▶ _Task prompt_
Reproduce the section of the listing that begins at the line containing "(\<forall>i<d. \<forall>j<d. ((\<lambda>t." and finishes at the line containing "cis (2 * pi". Include both end lines and nothing beyond them.

▶ _Data supplied_
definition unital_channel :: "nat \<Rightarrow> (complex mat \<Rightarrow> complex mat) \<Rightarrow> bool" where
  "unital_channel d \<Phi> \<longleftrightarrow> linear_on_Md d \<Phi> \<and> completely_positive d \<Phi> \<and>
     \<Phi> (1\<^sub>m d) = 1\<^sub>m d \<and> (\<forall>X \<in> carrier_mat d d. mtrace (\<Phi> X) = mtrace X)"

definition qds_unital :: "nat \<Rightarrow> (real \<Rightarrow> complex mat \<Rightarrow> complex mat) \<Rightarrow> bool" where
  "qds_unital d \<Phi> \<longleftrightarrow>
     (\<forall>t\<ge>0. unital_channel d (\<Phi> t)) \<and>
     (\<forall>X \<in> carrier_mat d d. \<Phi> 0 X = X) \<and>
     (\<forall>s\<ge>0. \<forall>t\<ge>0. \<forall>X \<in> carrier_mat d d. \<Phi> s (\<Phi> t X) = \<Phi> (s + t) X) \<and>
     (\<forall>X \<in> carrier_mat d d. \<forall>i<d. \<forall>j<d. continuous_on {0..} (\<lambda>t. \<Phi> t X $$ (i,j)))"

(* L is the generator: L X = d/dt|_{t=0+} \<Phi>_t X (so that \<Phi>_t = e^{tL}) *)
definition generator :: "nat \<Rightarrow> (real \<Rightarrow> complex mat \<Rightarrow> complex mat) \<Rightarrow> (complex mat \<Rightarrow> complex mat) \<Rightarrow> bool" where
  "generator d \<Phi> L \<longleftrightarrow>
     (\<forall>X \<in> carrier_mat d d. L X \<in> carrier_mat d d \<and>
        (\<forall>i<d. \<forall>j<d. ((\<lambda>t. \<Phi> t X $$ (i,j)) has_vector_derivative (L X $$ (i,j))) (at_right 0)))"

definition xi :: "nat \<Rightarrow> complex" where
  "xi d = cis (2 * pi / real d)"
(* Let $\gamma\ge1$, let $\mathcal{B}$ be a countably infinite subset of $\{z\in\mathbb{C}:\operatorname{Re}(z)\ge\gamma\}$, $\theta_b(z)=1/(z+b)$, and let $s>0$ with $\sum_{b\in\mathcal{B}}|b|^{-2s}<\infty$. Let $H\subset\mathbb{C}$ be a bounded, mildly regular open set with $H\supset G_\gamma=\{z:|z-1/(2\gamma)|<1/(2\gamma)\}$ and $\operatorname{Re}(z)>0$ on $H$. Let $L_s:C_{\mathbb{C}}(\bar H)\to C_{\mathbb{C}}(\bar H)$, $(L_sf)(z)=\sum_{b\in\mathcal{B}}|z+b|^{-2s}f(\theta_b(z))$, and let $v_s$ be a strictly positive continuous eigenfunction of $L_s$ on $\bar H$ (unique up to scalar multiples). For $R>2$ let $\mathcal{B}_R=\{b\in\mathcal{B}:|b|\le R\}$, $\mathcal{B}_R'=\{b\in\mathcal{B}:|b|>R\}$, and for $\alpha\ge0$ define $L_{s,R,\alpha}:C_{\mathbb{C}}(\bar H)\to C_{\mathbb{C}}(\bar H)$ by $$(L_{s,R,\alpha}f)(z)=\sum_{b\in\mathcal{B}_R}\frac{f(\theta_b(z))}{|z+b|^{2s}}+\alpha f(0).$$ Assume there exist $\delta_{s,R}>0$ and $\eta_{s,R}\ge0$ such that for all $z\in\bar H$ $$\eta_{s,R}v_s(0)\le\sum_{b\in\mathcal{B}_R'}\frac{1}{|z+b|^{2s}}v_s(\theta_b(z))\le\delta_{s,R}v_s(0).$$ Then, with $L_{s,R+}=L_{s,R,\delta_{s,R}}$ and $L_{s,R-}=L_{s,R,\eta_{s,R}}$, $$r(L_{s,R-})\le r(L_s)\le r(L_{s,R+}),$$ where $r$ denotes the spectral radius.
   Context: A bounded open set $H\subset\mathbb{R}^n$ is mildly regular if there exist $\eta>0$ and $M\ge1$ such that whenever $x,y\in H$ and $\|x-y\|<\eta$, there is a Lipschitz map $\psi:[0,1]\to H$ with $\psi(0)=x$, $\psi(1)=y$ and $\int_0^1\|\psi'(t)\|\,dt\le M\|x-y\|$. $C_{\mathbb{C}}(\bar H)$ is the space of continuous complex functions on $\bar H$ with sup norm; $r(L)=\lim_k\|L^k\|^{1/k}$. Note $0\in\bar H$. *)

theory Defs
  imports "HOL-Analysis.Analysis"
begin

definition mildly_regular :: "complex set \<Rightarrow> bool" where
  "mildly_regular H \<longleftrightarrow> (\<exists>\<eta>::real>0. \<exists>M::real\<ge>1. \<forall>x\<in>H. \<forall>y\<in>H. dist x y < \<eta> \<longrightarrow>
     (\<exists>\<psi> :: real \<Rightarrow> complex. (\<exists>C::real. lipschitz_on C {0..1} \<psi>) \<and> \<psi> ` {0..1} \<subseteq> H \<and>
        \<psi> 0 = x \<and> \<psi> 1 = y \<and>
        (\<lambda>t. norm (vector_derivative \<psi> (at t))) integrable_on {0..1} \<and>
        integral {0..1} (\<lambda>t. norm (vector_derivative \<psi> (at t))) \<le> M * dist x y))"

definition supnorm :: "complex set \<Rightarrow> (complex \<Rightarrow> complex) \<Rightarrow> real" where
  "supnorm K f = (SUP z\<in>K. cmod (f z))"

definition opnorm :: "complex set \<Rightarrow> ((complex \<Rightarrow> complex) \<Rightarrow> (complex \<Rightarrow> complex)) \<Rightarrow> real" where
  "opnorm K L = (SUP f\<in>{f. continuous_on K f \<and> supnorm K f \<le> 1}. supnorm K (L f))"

▶ _Exercise answer_
        (\<forall>i<d. \<forall>j<d. ((\<lambda>t. \<Phi> t X $$ (i,j)) has_vector_derivative (L X $$ (i,j))) (at_right 0)))"

definition xi :: "nat \<Rightarrow> complex" where
  "xi d = cis (2 * pi / real d)"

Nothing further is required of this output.